Basic of PQ

This tutorial shows the basic usage of Nano Product Quantization Library (nanopq). Product quantization (PQ) is one of the most widely used algorithms for memory-efficient approximated nearest neighbor search, especially in the field of computer vision. This package contains a vanilla implementation of PQ and its improved version, Optimized Product Quantization (OPQ).

Let us first prepare 10,000 12-dim vectors for database, 2,000 vectors for training, and a query vector. They must be np.ndarray with np.float32.

import nanopq
import numpy as np

X = np.random.random((10000, 12)).astype(np.float32)
Xt = np.random.random((2000, 12)).astype(np.float32)
query = np.random.random((12, )).astype(np.float32)

The basic idea of PQ is to split an input D-dim vector into M D/M-dim sub-vectors. Each sub-vector is then quantized into an identifier of the nearest codeword.

First of all, a PQ class (nanopq.PQ) is instantiated with the number of sub-vector (M) and the number of codeword for each sub-space (Ks).

pq = nanopq.PQ(M=4, Ks=256, verbose=True)

Note that M is a parameter to control the trade off of accuracy and memory-cost. If you set larger M, you can achieve better quantization (i.e., less reconstruction error) with more memory usage. Ks specifies the number of codewords for quantization. This is tyically 256 so that each sub-space is represented by 8 bits = 1 byte = np.uint8. The memory cost for each pq-code is M * log_2 Ks bits.

Next, you need to train this quantizer by running k-means clustering for each sub-space of the training vectors.

pq.fit(vecs=Xt, iter=20, seed=123)

If you do not have training data, you can simply use the database vectors (or a subset of them) for training: pq.fit(vecs=X[:1000]).
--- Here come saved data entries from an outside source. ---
definition pi_w :: "'a set \<Rightarrow> 'a set set \<Rightarrow> ('a set \<Rightarrow> real) \<Rightarrow> 'a \<Rightarrow> 'a \<Rightarrow> real" where
  "pi_w V E w u v = (if u = v then 0 else
     Min ((\<lambda>\<gamma>. path_weight w \<gamma> / (path_weight w \<gamma> + 1)) ` shortest_paths V E u v))"

definition d_pi :: "'a set \<Rightarrow> 'a set set \<Rightarrow> ('a set \<Rightarrow> real) \<Rightarrow> 'a \<Rightarrow> 'a \<Rightarrow> real" where
  "d_pi V E w u v = real (dist_s V E u v) + pi_w V E w u v"

definition is_metric_on :: "'a set \<Rightarrow> ('a \<Rightarrow> 'a \<Rightarrow> real) \<Rightarrow> bool" where
  "is_metric_on V d \<longleftrightarrow>
     (\<forall>x\<in>V. \<forall>y\<in>V. d x y \<ge> 0 \<and> (d x y = 0 \<longleftrightarrow> x = y) \<and> d x y = d y x) \<and>
     (\<forall>x\<in>V. \<forall>y\<in>V. \<forall>z\<in>V. d x z \<le> d x y + d y z)"

definition refines :: "'a set \<Rightarrow> ('a \<Rightarrow> 'a \<Rightarrow> real) \<Rightarrow> ('a \<Rightarrow> 'a \<Rightarrow> real) \<Rightarrow> bool" where
  "refines V f f' \<longleftrightarrow> (\<forall>x1\<in>V. \<forall>x2\<in>V. \<forall>y1\<in>V. \<forall>y2\<in>V.
      (x1 = y1 \<or> x2 = y2) \<longrightarrow> f x1 x2 < f y1 y2 \<longrightarrow> f' x1 x2 < f' y1 y2)"

end

theory Submission
  imports Defs
begin

text \<open>
  Since \<open>t / (t + 1) \<in> [0, 1)\<close> for \<open>t \<ge> 0\<close>, the perturbation \<open>\<pi>\<close> is smaller than the gap
  between distinct values of the integer metric \<open>d\<^sub>s\<close>; this gives the refinement and reduces the
  triangle inequality to triples \<open>x, y, z\<close> with \<open>y\<close> on a geodesic from \<open>x\<close> to \<open>z\<close>. There the
  concatenation of shortest paths \<open>x \<leadsto> y\<close> and \<open>y \<leadsto> z\<close> is a shortest path \<open>x \<leadsto> z\<close> whose
  weight is the product of the two weights, and \<open>ab/(ab+1) \<le> a/(a+1) + b/(b+1)\<close> for
  \<open>a, b \<ge> 0\<close>.
\<close>

lemma walk_betw_iff_successively:
  "walk_betw V E u xs v \<longleftrightarrow> xs \<noteq> [] \<and> set xs \<subseteq> V \<and> hd xs = u \<and> last xs = v \<and>
     successively (\<lambda>x y. {x, y} \<in> E) xs"
  unfolding walk_betw_def successively_conv_nth by blast

lemma walk_betw_not_Nil: "walk_betw V E u xs v \<Longrightarrow> xs \<noteq> []"
  by (simp add: walk_betw_def)

lemma walk_betw_append:
  assumes "walk_betw V E x xs y" "walk_betw V E y ys z"
  shows "walk_betw V E x (xs @ tl ys) z"
proof -
  obtain ys' where "ys = y # ys'"
    using assms(2) by (cases ys) (auto simp: walk_betw_def)
  then show ?thesis
    using assms unfolding walk_betw_iff_successively
    by (auto simp: successively_append_iff successively_Cons hd_append last_append)
qed

lemma walk_betw_rev: "walk_betw V E x xs y \<Longrightarrow> walk_betw V E y (rev xs) x"
  unfolding walk_betw_iff_successively by (auto simp: hd_rev last_rev insert_commute)

lemma path_betw_rev: "path_betw V E x xs y \<Longrightarrow> path_betw V E y (rev xs) x"
  using walk_betw_rev unfolding path_betw_def by auto
lemma qpb_trace_mpow_Sm_X:
  assumes "a \<le> d" "k \<ge> 1"
  shows "qpb d (\<lambda>x. trace (mpow (Sm x a) k)) (\<lambda>x. x (CX i j)) p
     = - of_nat k * (Xm p ** mpow (Sm p a) k) $ i $ j"
proof -
  let ?T = "mpow (Sm p a) k"
  have "qpb d (\<lambda>x. trace (mpow (Sm x a) k)) (\<lambda>x. x (CX i j)) p
      = of_nat k * (trace (?T ** gauge_K (Xm p) i j) + trace (?T ** N_X p i j))"
    by (rule qpb_trace_mpow_Sm_telescoped[OF assms coords_memI(1), where K = "\<lambda>_. gauge_K (Xm p) i j"])
      (simp_all add: dA_bracket_X dZ_bracket_X)
  also have "trace (?T ** gauge_K (Xm p) i j) + trace (?T ** N_X p i j) = - (Xm p ** ?T) $ i $ j"
    by (simp add: gauge_K_def N_X_def matrix_distrib trace_add scalar_assoc field_simps)
  finally show ?thesis by simp
qed

lemma qpb_trace_mpow_Sm_Z:
  assumes "a \<le> d" "k \<ge> 1"
  shows "qpb d (\<lambda>x. trace (mpow (Sm x a) k)) (\<lambda>x. x (CZ i j)) p
     = of_nat k * ((mpow (Sm p a) k ** Zm p) $ i $ j - (Zm p ** mpow (Sm p a) k) $ i $ j)"
proof -
  let ?T = "mpow (Sm p a) k"
  have "qpb d (\<lambda>x. trace (mpow (Sm x a) k)) (\<lambda>x. x (CZ i j)) p
      = of_nat k * (trace (?T ** gauge_K (Zm p) i j) + trace (?T ** N_Z p i j))"
    by (rule qpb_trace_mpow_Sm_telescoped[OF assms coords_memI(2), where K = "\<lambda>_. gauge_K (Zm p) i j"])
      (simp_all add: dA_bracket_Z dZ_bracket_Z)
  also have "trace (?T ** gauge_K (Zm p) i j) + trace (?T ** N_Z p i j)
      = (?T ** Zm p) $ i $ j - (Zm p ** ?T) $ i $ j"
    by (simp add: gauge_K_def N_Z_def matrix_distrib trace_add scalar_assoc field_simps)
  finally show ?thesis .
qed

lemma qpb_trace_mpow_Sm_V:
  assumes "a \<le> d" "k \<ge> 1" "b \<in> {1..d}"
  shows "qpb d (\<lambda>x. trace (mpow (Sm x a) k)) (\<lambda>x. x (CV b j)) p
     = of_nat k * (if b \<le> a then - (Vv p b v* mpow (Sm p a) k) $ j else 0)"
proof -
  let ?T = "mpow (Sm p a) k" and ?N = "outer ((-1/2) *s axis j 1) (Vv p b)"
  have "qpb d (\<lambda>x. trace (mpow (Sm x a) k)) (\<lambda>x. x (CV b j)) p
      = of_nat k * (trace (?T ** K_V p b j a) + trace (?T ** ?N))"
    using assms(3) by (intro qpb_trace_mpow_Sm_telescoped[OF assms(1,2) coords_memI(3)])
      (simp_all add: dA_bracket_V dZ_bracket_V)
  also have "trace (?T ** K_V p b j a) + trace (?T ** ?N) = (if b \<le> a then - (Vv p b v* ?T) $ j else 0)"
    by (auto simp: K_V_def trace_add scalar_assoc field_simps)
  finally show ?thesis .
qed

lemma qpb_trace_mpow_Sm_W:
  assumes "a \<le> d" "k \<ge> 1" "b \<in> {1..d}"
  shows "qpb d (\<lambda>x. trace (mpow (Sm x a) k)) (\<lambda>x. x (CW b i)) p
     = of_nat k * (if b \<le> a then (mpow (Sm p a) k *v Wv p b) $ i else 0)"
proof -
  let ?T = "mpow (Sm p a) k" and ?N = "outer ((1/2) *s Wv p b) (axis i 1)"
  have "qpb d (\<lambda>x. trace (mpow (Sm x a) k)) (\<lambda>x. x (CW b i)) p
      = of_nat k * (trace (?T ** K_W p b i a) + trace (?T ** ?N))"
    using assms(3) by (intro qpb_trace_mpow_Sm_telescoped[OF assms(1,2) coords_memI(4)])
      (simp_all add: dA_bracket_W dZ_bracket_W)
  also have "trace (?T ** K_W p b i a) + trace (?T ** ?N) = (if b \<le> a then (?T *v Wv p b) $ i else 0)"
    by (auto simp: K_W_def trace_add scalar_assoc field_simps)
  finally show ?thesis .
qed

lemma mat_matrix_mult_nth: "(mat c ** (M::complex^'n^'m)) $ i $ j = c * M $ i $ j"
  by (simp add: matrix_matrix_mult_def mat_def if_distrib[of "\<lambda>x. x * y" for y] cong: if_cong)

lemma mat_matrix_mult_vector [simp]: "(mat c ** (M::complex^'n^'n)) *v w = c *s (M *v w)"
  by (simp add: vec_eq_iff matrix_vector_mult_def mat_matrix_mult_nth sum_distrib_left mult.assoc)

lemma vector_mat_matrix_mult [simp]: "v v* (mat c ** (M::complex^'n^'n)) = c *s (v v* M)"
  by (simp add: vec_eq_iff vector_matrix_mult_def mat_matrix_mult_nth sum_distrib_left mult_ac)

lemma matrix_mult_mat_left_commute: "(M::complex^'n^'n) ** (mat c ** T) = mat c ** (M ** T)"
proof -
  have "M ** mat c = mat c ** M"
    by (simp add: vec_eq_iff mat_matrix_mult_nth matrix_matrix_mult_def mat_def mult.commute
        if_distrib[of "\<lambda>x. y * x" for y] cong: if_cong)
  then show ?thesis by (metis matrix_mul_assoc)
qed

lemma dS_eq_0_if_flow_commutes:
  fixes Y :: "'n::finite coord \<Rightarrow> complex"
  assumes comm: "T ** Sm p a = Sm p a ** T"
    and Z: "\<forall>r l. Y (CZ r l) = c * ((T ** Zm p) $ r $ l - (Zm p ** T) $ r $ l)"
    and V: "\<forall>b\<in>{1..a}. \<forall>l. Y (CV b l) = - c * (Vv p b v* T) $ l"
    and W: "\<forall>b\<in>{1..a}. \<forall>r. Y (CW b r) = c * (T *v Wv p b) $ r"
  shows "dS p Y a = 0"
proof -
  have "\<forall>b\<in>{1..a}. dA p Y b = mat c ** T ** Am p b - Am p b ** (mat c ** T)"
    using V W by (simp add: vec_eq_iff Am_def matrix_distrib dA_def dW_def dV_def mat_matrix_mult_nth
        algebra_simps)
  moreover have "dZ Y - mat c ** T ** Zm p = Zm p ** (mat (- c) ** T)"
    using Z by (simp add: vec_eq_iff dZ_def matrix_mul_assoc[symmetric] matrix_mult_mat_left_commute
        mat_matrix_mult_nth algebra_simps)
  ultimately have "dS p Y a = mat c ** T ** Sm p a + Sm p a ** (mat (- c) ** T)"
    by (rule dS_telescope[where K = "\<lambda>_. mat c ** T"])
  then show ?thesis
    using comm by (simp add: vec_eq_iff matrix_mul_assoc[symmetric] matrix_mult_mat_left_commute
        mat_matrix_mult_nth)
qed

lemma dS_ham_field_trace_mpow_Sm:
  assumes "a \<le> d" "k \<ge> 1"
  shows "dS p (ham_field d (\<lambda>x. trace (mpow (Sm x a) k)) p) a = 0"
proof (rule dS_eq_0_if_flow_commutes)
  show "mpow (Sm p a) k ** Sm p a = Sm p a ** mpow (Sm p a) k"
    using mpow_commute[of "Sm p a" "Sm p a" k] by simp
  have "b \<in> {1..a} \<Longrightarrow> b \<in> {1..d}" for b using assms(1) by auto
  then show "\<forall>r l. ham_field d (\<lambda>x. trace (mpow (Sm x a) k)) p (CZ r l)
      = of_nat k * ((mpow (Sm p a) k ** Zm p) $ r $ l - (Zm p ** mpow (Sm p a) k) $ r $ l)"
    and "\<forall>b\<in>{1..a}. \<forall>l. ham_field d (\<lambda>x. trace (mpow (Sm x a) k)) p (CV b l)
      = - of_nat k * (Vv p b v* mpow (Sm p a) k) $ l"
    and "\<forall>b\<in>{1..a}. \<forall>r. ham_field d (\<lambda>x. trace (mpow (Sm x a) k)) p (CW b r)
      = of_nat k * (mpow (Sm p a) k *v Wv p b) $ r"
    by (simp_all add: qpb_coord[symmetric] coords_memI qpb_trace_mpow_Sm_Z[OF assms]
        qpb_trace_mpow_Sm_V[OF assms] qpb_trace_mpow_Sm_W[OF assms])
qed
After that, you can see codewords by pq.codewords.

Note that, alternatively, you can instantiate and train an instance in one line if you want:

pq = nanopq.PQ(M=4, Ks=256).fit(vecs=Xt, iter=20, seed=123)

Given this quantizer, database vectors can be encoded to PQ-codes.

X_code = pq.encode(vecs=X)

The resulting PQ-code (a list of identifiers) can be regarded as a memory-efficient representation of the original vector, where the shape of X_code is (N, M).

For the querying phase, the asymmetric distance between the query and the database PQ-codes can be computed efficiently.

dt = pq.dtable(query=query)  # dt.dtable.shape = (4, 256)
dists = dt.adist(codes=X_code)  # (10000,)

For each query, a distance table (dt) is first computed online. dt is an instance of nanopq.DistanceTable class, which is a wrapper of the actual table (np.array), dtable. The elements of dt.dtable are computed by comparing each sub-vector of the query to the codewords for each sub-subspace. More specifically, dt.dtable[m][ks] contains the squared Euclidean distance between (1) the m-th sub-vector of the query and (2) the ks-th codeword for the m-th sub-space (pq.codewords[m][ks]).

Given dtable, the asymmetric distance to each PQ-code can be efficiently computed (adist). This can be achieved by simply fetching pre-computed distance value (the element of dtable) using PQ-codes.

Note that the above two lines can be chained in a single line.

dists = pq.dtable(query=query).adist(codes=X_code)  # (10000,)

The nearest feature is the one with the minimum distance.

min_n = np.argmin(dists)

Note that the search result is similar to that by the exact squared Euclidean distance.

# The first 30 results by PQ

# The first 30 results by the exact scan
dists_exact = np.linalg.norm(X - query, axis=1) ** 2

Decode (reconstruction)

Given PQ-codes, the original D-dim vectors can be approximately reconstructed by fetching codewords

X_reconstructed = pq.decode(codes=X_code)  # (10000, 12)
# The following two results should be similar

I/O by pickling

A PQ instance can be pickled. Note that PQ-codes can be pickled as well because they are just a numpy array.

import pickle

with open('pq.pkl', 'wb') as f:
    pickle.dump(pq, f)

with open('pq.pkl', 'rb') as f:
    pq_dumped = pickle.load(f)  # pq_dumped is identical to pq

Optimized PQ (OPQ)

Optimized Product Quantizaion (OPQ; nanopq.OPQ), which is an improved version of PQ, is also available with the same interface as follows.

opq = nanopq.OPQ(M=4).fit(vecs=Xt, pq_iter=20, rotation_iter=10, seed=123)
X_code = opq.encode(vecs=X)
dists = opq.dtable(query=query).adist(codes=X_code)

The resultant codes approximate the original vectors finer, that usually leads to the better search accuracy. The training of OPQ will take much longer time compared to that of PQ.

Relation to PQ in faiss

Note that PQ is implemented in Faiss, whereas Faiss is one of the most powerful ANN libraries developed by the original authors of PQ:

Since Faiss is highly optimized, you should use PQ in Faiss if the runtime is your most important criteria. The difference between PQ in nanopq and that in Faiss is highlighted as follows:

  • Our nanopq can be installed simply by pip without any third party dependencies such as Intel MKL

  • The core part of nanopq is a vanilla implementation of PQ written in a single python file. It would be easier to extend that for further applications.

  • A standalone OPQ is implemented.

  • The result of nanopq.DistanceTable.adist() is not sorted. This would be useful when you would like to know not only the nearest but also the other results.

  • The accuracy (reconstruction error) of nanopq.PQ and that of faiss.IndexPQ are almost same.

You can convert an instance of nanopq.PQ to/from that of faiss.IndexPQ by nanopq.nanopq_to_faiss() or nanopq.faiss_to_nanopq().

# nanopq -> faiss
pq_nanopq = nanopq.PQ(M).fit(vecs=Xt)
pq_faiss = nanopq.nanopq_to_faiss(pq_nanopq)  # faiss.IndexPQ

# faiss -> nanopq
import faiss
pq_faiss2 = faiss.IndexPQ(D, M, nbits)
# pq_nanopq2 is an instance of nanopq.PQ.
# Cb is encoded vectors
pq_nanopq2, Cb = nanopq.faiss_to_nanopq(pq_faiss2)